Todo mundo sabe que eu sou ateu. Acho que é uma característica que, em uma sociedade tão religiosa quanto a brasileira, acaba se sobressaindo. Tanto por me diferenciar da maioria das pessoas, quanto por entender que esse ateísmo faz com que eu seja muito mais curioso com relação à tudo. Desde estudo sobre coisas complexas, como política e filosofia, até a maneira como eu lido com as coisas que acontecem na minha vida.
Já existiu um momento em que, influenciado por outras pessoas, eu achava que era mais confortável ser religioso. Afinal muita gente que acredita em algum poder sobrenatural acaba não enxergando determinados problemas e, como diz o ditado, a ignorância acaba se tornando uma benção. Já que não tem como você se preocupar por um problema que você nem sabe que existe.
Hoje eu não acredito mais nisso. Quanto mais envelheço, e vejo pessoas ficando cada vez mais religiosas, mais claro fica como a religião que ‘conforta’ na realidade esconde de você problemas que poderiam ser resolvidos de maneira muito mais eficaz se as pessoas fossem mais céticas. Além de, em outras vezes, apresentar ‘soluções’ que não servem para nada, a não ser tornar o problema pior.

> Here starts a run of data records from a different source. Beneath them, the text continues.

(* Let $\varepsilon>0$, $\delta>0$, $\eta>0$. For all $x\in\mathbb R^n$, the randomized estimator $\tilde m(x)$ defined below can be computed in $O(n\log n)$ operations.
   Context: For $x\in\mathbb R^n$, $x_{(1)}\le\cdots\le x_{(n)}$ are its ordered coordinates, $\ell=\lfloor n/2\rfloor$, and $\hat m(x)=x_{(\ell)}$. $\mathrm{d_H}(x,x')$ is the number of coordinates in which $x,x'\in\mathbb R^n$ differ. Define $\hat A(x)=\min\{k=0,1,\ldots:\exists x'\in\mathbb R^n,\ \mathrm{d_H}(x,x')=k,\ |\hat m(x)-\hat m(x')|>\eta\}$ and $\tilde A(x)=\hat A(x)+Z_1/\varepsilon$, where $Z_1,Z_2$ are independent Laplace random variables with parameter $1$. Set $\tilde m(x)=\perp$ ("No Reply") if $\tilde A(x)\le1+\frac1\varepsilon\log(2/\delta)$ and $\tilde m(x)=\hat m(x)+\frac\eta\varepsilon Z_2$ otherwise. Sampling $Z_1,Z_2$ counts as $O(1)$ operations. *)

theory Defs
  imports Complex_Main
begin

text \<open>A point of R^n is a list of reals of length n. Ordered coordinates
  x_(1) <= ... <= x_(n) are given by sort; x_(i) = sort x ! (i-1).\<close>

definition ord_coord :: "real list \<Rightarrow> nat \<Rightarrow> real" where
  "ord_coord x i = sort x ! (i - 1)"

definition ell :: "real list \<Rightarrow> nat" where
  "ell x = length x div 2"

definition med_hat :: "real list \<Rightarrow> real" where
  "med_hat x = ord_coord x (ell x)"

definition dH :: "real list \<Rightarrow> real list \<Rightarrow> nat" where
  "dH x x' = card {i. i < length x \<and> x ! i \<noteq> x' ! i}"

definition A_hat :: "real \<Rightarrow> real list \<Rightarrow> nat" where
  "A_hat \<eta> x = (LEAST k. \<exists>x'. length x' = length x \<and> dH x x' = k \<and>
                     \<bar>med_hat x - med_hat x'\<bar> > \<eta>)"

definition A_tilde :: "real \<Rightarrow> real \<Rightarrow> real list \<Rightarrow> real \<Rightarrow> real" where
  "A_tilde \<epsilon> \<eta> x z1 = real (A_hat \<eta> x) + z1 / \<epsilon>"

text \<open>None represents the output "No Reply" (\<bottom>). z1, z2 are the sampled
  values of the Laplace variables Z1, Z2.\<close>
definition m_tilde :: "real \<Rightarrow> real \<Rightarrow> real \<Rightarrow> real list \<Rightarrow> real \<Rightarrow> real \<Rightarrow> real option" where
  "m_tilde \<epsilon> \<delta> \<eta> x z1 z2 =
     (if A_tilde \<epsilon> \<eta> x z1 \<le> 1 + (1/\<epsilon>) * ln (2/\<delta>) then None
      else Some (med_hat x + (\<eta>/\<epsilon>) * z2))"

text \<open>Each function returns (result, number of elementary operations).
  Unit-cost RAM model: comparisons, real arithmetic, list indexing and the
  sampling of Z1, Z2 cost O(1).\<close>

fun merge_c :: "real list \<Rightarrow> real list \<Rightarrow> real list \<times> nat" where
  "merge_c [] ys = (ys, 1)"
| "merge_c xs [] = (xs, 1)"
| "merge_c (x # xs) (y # ys) =
     (if x \<le> y then (let (r, c) = merge_c xs (y # ys) in (x # r, c + 1))
      else (let (r, c) = merge_c (x # xs) ys in (y # r, c + 1)))"

function msort_c :: "real list \<Rightarrow> real list \<times> nat" where
  "msort_c xs =
     (if length xs \<le> 1 then (xs, 1)
      else (let (a, ca) = msort_c (take (length xs div 2) xs);
                (b, cb) = msort_c (drop (length xs div 2) xs);
                (r, cr) = merge_c a b
            in (r, ca + cb + cr + 1)))"
  by pat_completeness auto
termination
  by (relation "measure length") auto

text \<open>Scan over k = 1, 2, ... on the sorted list s (0-indexed, so the
  median x_(l) is s ! (l-1)), testing whether changing k coordinates can
  move the median by more than eta.\<close>
fun scan_c :: "real list \<Rightarrow> nat \<Rightarrow> real \<Rightarrow> nat \<Rightarrow> nat \<Rightarrow> nat \<times> nat" where
  "scan_c s l \<eta> k 0 = (k, 1)"
| "scan_c s l \<eta> k (Suc fuel) =
     (if (l + k > length s \<or> s ! (l - 1 + k) - s ! (l - 1) > \<eta>)
         \<or> (k \<ge> l \<or> s ! (l - 1) - s ! (l - 1 - k) > \<eta>)
      then (k, 1)
      else (let (r, c) = scan_c s l \<eta> (k + 1) fuel in (r, c + 1)))"

definition m_tilde_alg ::
  "real \<Rightarrow> real \<Rightarrow> real \<Rightarrow> real list \<Rightarrow> real \<Rightarrow> real \<Rightarrow> real option \<times> nat" where
  "m_tilde_alg \<epsilon> \<delta> \<eta> x z1 z2 =
     (let (s, c1) = msort_c x;
          l = length x div 2;
          (a, c2) = scan_c s l \<eta> 1 (length x);
          At = real a + z1 / \<epsilon>
      in (if At \<le> 1 + (1/\<epsilon>) * ln (2/\<delta>) then None
          else Some (s ! (l - 1) + (\<eta>/\<epsilon>) * z2), c1 + c2 + 10))"

end

theory Submission
  imports Defs "HOL-Library.Multiset" "HOL-Library.Log_Nat"
begin

(* Merge sort puts x in order with O(n log n) operations. Let s = sort x and j = l - 1. Changing
   k coordinates changes each count #{i. x_i \<le> w} by at most k, so it keeps the l-th order
   statistic inside [s ! (j - k), s ! (j + k)]; conversely, moving k entries across the threshold
   s ! (j + k) (or s ! (j - k)) onto it reaches that endpoint. Hence A_hat x is the least k for
   which one of the two endpoints is more than eta away from the median or does not exist, and
   the linear scan scan_c finds it with O(n) operations. *)

lemma mset_merge_c: "mset (fst (merge_c xs ys)) = mset xs + mset ys"
  by (induction xs ys rule: merge_c.induct) (auto simp: split_beta)

lemma sorted_merge_c: "sorted xs \<Longrightarrow> sorted ys \<Longrightarrow> sorted (fst (merge_c xs ys))"
proof (induction xs ys rule: merge_c.induct)
  case (3 x xs y ys)
  have set_merge: "set (fst (merge_c as bs)) = set as \<union> set bs" for as bs
    by (metis mset_merge_c set_mset_mset set_mset_union)
  show ?case
    using 3 by (auto simp: split_beta set_merge)
qed auto

lemma merge_c_cost: "snd (merge_c xs ys) \<le> length xs + length ys + 1"
  by (induction xs ys rule: merge_c.induct) (auto split: prod.splits)

declare msort_c.simps [simp del]

lemma msort_c_short: "length xs \<le> 1 \<Longrightarrow> msort_c xs = (xs, 1)"
  by (subst msort_c.simps) simp

lemma msort_c_long:
  assumes "\<not> length xs \<le> 1"
  defines "a \<equiv> msort_c (take (length xs div 2) xs)" and "b \<equiv> msort_c (drop (length xs div 2) xs)"
  shows "msort_c xs = (fst (merge_c (fst a) (fst b)),
                       snd a + snd b + snd (merge_c (fst a) (fst b)) + 1)"
  using assms by (subst msort_c.simps) (simp add: Let_def split: prod.split)

lemma msort_c_eq_sort: "fst (msort_c xs) = sort xs"
proof (induction xs rule: msort_c.induct)
  case (1 xs)
  show ?case
  proof (cases "length xs \<le> 1")
    case True
    then have "sorted xs" by (cases xs) auto
    then show ?thesis using True by (simp add: msort_c_short sorted_sort_id)
  next
    case False
    let ?d = "length xs div 2"
    have "fst (msort_c xs) = fst (merge_c (sort (take ?d xs)) (sort (drop ?d xs)))"
      using 1(1)[OF False] 1(2)[OF False refl prod.collapse] False by (simp add: msort_c_long)
    moreover have "mset (fst (merge_c (sort (take ?d xs)) (sort (drop ?d xs)))) = mset xs"
      by (simp add: mset_merge_c flip: mset_append)
    ultimately show ?thesis
      by (metis properties_for_sort sorted_merge_c sorted_sort)
  qed
qed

O mais comum que vejo à minha volta é colocar a culpa dos problemas que acontecem em coisas etéreas. Na ‘macumba’, no ‘demônio’, na ‘energia ruim’, ou seja lá qual for a força sobrenatural que a pessoa acredita que é o problema. O que, automaticamente, leva as pessoas a procurar curas milagrosas para essas forças, e assim a não olhar de verdade para o problema e enfrentá-lo de frente. Sem buscar soluções na vida real para o que está se apresentando, e contando, com muita fé, que vão conseguir resolver tudo sem realmente olhar para o problema.
Tornando essas questões que, muitas vezes, são de fácil resolução, em montanhas escondidas que podem ficar por lá, mas que em geral costumam voltar como algo ainda mais problemático no futuro. Já que ao não abordar algo da maneira correta, só vamos empurrando com a barriga os problemas, e eles vão se acumulando até não ser mais possível isso, e então explodindo na nossa frente.
Acredito que esse tipo de coisa seja mais uma maneira do nosso cérebro evitar o conflito, mas é talvez uma das mais perigosas. Já que é normalizado na sociedade e, em alguns casos, até mesmo incentivado. Fazendo com que não se lide com problemas hoje, e tornando-os cada vez maiores para o futuro. O que, quando falamos de questões psicológicas, é ainda pior. Já que tem capacidade de nos imobilizar, e em casos mais graves levar ao desespero completo.